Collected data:
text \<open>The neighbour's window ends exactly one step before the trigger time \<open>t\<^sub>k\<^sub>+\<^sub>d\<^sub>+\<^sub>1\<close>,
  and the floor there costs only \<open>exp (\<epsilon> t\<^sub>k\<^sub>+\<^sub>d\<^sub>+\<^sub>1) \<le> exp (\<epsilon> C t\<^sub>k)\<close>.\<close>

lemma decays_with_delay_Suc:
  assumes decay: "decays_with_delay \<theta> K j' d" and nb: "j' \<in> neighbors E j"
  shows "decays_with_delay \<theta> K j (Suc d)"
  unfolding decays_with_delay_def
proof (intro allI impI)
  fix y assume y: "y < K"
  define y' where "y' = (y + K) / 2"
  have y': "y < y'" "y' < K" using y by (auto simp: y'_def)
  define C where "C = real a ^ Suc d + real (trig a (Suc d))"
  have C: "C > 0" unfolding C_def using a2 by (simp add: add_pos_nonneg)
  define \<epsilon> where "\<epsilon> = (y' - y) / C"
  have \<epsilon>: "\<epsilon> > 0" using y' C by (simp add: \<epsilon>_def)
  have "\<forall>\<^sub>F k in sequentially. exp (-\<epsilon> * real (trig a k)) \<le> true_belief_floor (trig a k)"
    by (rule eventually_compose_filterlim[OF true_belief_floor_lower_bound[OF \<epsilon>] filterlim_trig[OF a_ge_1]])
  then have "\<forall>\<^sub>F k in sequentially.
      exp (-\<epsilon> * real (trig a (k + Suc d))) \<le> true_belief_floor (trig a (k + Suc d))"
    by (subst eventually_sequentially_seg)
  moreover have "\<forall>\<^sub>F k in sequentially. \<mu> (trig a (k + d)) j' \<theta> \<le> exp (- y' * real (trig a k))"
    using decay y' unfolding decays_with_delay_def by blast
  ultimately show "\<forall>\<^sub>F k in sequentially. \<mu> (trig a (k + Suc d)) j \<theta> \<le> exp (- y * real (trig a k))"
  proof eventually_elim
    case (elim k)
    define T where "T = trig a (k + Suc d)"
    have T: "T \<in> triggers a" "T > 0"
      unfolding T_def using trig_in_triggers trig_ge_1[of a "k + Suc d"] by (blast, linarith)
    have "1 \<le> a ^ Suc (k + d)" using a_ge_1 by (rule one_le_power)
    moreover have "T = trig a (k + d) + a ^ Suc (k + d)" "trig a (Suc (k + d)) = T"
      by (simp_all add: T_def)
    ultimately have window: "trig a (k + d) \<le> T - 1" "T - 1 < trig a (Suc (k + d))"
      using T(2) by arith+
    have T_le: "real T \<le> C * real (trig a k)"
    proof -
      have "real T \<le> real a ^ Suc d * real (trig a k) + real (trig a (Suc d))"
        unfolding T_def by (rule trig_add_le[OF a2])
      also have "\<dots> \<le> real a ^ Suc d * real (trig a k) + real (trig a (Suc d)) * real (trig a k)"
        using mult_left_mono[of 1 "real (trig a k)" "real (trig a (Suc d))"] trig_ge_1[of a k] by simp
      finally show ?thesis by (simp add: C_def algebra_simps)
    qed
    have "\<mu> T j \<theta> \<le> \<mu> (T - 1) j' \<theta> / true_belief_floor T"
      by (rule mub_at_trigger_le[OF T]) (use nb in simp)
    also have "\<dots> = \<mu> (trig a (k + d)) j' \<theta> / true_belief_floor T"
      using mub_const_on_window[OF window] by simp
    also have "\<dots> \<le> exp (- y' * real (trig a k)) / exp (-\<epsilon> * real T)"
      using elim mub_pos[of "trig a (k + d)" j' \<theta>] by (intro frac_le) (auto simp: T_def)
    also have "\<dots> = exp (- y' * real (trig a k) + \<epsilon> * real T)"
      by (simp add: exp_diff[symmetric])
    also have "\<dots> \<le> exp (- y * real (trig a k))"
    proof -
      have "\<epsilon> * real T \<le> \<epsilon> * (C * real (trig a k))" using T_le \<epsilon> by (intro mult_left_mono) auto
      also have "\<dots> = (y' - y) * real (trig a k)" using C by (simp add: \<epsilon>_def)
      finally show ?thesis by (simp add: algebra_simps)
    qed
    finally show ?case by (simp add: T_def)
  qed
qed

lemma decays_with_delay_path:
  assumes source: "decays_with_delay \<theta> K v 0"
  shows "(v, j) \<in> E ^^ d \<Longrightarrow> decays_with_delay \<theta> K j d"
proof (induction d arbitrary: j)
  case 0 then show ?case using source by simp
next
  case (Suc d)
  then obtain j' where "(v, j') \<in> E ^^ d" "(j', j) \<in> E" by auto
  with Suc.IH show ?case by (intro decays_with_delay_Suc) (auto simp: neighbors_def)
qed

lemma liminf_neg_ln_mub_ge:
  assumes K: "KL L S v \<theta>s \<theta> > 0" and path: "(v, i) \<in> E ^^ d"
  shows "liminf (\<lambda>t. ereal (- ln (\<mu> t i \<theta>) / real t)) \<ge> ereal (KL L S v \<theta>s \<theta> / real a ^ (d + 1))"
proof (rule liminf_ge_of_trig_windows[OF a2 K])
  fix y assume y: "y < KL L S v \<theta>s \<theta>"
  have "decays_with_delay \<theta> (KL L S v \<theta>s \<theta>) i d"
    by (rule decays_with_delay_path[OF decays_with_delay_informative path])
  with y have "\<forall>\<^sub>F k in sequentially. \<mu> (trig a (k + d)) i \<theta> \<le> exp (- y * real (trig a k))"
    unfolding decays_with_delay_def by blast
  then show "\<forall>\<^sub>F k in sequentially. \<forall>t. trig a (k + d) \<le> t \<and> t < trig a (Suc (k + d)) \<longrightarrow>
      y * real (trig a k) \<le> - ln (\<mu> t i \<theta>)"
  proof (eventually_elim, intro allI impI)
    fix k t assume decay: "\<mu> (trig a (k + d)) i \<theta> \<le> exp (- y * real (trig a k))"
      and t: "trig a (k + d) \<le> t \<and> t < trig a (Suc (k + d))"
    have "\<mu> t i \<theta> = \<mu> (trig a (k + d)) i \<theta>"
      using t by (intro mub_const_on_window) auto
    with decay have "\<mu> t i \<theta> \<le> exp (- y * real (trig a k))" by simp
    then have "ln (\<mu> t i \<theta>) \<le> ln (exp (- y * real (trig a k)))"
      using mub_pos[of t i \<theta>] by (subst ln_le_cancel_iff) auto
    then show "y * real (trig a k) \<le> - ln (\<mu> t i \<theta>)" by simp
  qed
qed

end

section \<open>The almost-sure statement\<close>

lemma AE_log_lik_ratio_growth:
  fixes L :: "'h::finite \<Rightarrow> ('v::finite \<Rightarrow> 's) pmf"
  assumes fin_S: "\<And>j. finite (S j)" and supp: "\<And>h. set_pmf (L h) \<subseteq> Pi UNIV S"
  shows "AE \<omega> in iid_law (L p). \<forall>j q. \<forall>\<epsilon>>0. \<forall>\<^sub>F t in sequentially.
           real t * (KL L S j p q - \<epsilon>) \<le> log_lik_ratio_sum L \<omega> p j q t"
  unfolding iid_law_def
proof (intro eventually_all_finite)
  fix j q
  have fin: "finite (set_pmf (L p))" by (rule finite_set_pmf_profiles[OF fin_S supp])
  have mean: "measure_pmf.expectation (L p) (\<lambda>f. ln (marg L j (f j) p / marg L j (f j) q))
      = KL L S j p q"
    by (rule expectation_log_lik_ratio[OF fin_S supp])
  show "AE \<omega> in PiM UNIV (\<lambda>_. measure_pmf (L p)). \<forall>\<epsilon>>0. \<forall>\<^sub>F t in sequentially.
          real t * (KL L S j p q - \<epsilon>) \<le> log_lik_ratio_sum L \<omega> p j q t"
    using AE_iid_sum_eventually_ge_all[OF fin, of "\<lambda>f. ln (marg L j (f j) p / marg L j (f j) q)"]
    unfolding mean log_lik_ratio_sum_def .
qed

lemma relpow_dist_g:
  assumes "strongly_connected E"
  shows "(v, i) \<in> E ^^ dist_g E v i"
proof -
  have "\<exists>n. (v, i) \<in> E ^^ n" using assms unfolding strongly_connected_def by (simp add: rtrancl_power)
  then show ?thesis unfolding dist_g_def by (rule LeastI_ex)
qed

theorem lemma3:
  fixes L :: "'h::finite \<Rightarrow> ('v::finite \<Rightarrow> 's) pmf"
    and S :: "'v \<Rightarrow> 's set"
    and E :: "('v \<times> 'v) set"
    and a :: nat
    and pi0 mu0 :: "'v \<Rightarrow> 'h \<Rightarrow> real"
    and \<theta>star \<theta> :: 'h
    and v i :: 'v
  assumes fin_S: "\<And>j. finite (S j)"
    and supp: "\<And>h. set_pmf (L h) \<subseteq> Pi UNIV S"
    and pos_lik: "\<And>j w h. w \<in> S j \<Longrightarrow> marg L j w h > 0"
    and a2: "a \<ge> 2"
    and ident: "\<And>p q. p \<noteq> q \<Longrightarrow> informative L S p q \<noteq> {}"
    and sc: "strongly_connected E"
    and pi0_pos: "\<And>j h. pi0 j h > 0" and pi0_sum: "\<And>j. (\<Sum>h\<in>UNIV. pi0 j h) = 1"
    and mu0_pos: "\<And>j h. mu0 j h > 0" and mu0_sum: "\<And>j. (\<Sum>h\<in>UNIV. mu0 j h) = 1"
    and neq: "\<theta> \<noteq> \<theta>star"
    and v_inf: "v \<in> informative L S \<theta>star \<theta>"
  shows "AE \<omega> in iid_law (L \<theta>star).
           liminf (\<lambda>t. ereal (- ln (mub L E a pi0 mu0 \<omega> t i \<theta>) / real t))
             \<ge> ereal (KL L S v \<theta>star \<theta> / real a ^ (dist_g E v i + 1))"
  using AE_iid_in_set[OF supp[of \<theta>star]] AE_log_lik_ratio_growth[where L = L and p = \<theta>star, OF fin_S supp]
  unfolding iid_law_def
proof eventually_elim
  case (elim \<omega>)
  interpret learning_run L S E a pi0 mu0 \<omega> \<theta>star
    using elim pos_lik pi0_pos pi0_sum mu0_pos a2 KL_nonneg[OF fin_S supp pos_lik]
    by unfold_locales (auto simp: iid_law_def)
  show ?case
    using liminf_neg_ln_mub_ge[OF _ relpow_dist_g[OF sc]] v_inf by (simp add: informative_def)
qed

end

» DIRECTIONS FOR THIS TASK: Collect the complete line wherever the string "open" appears in the records.

» TASK RESPONSE:
text \<open>The neighbour's window ends exactly one step before the trigger time \<open>t\<^sub>k\<^sub>+\<^sub>d\<^sub>+\<^sub>1\<close>,
  and the floor there costs only \<open>exp (\<epsilon> t\<^sub>k\<^sub>+\<^sub>d\<^sub>+\<^sub>1) \<le> exp (\<epsilon> C t\<^sub>k)\<close>.\<close>
section \<open>The almost-sure statement\<close>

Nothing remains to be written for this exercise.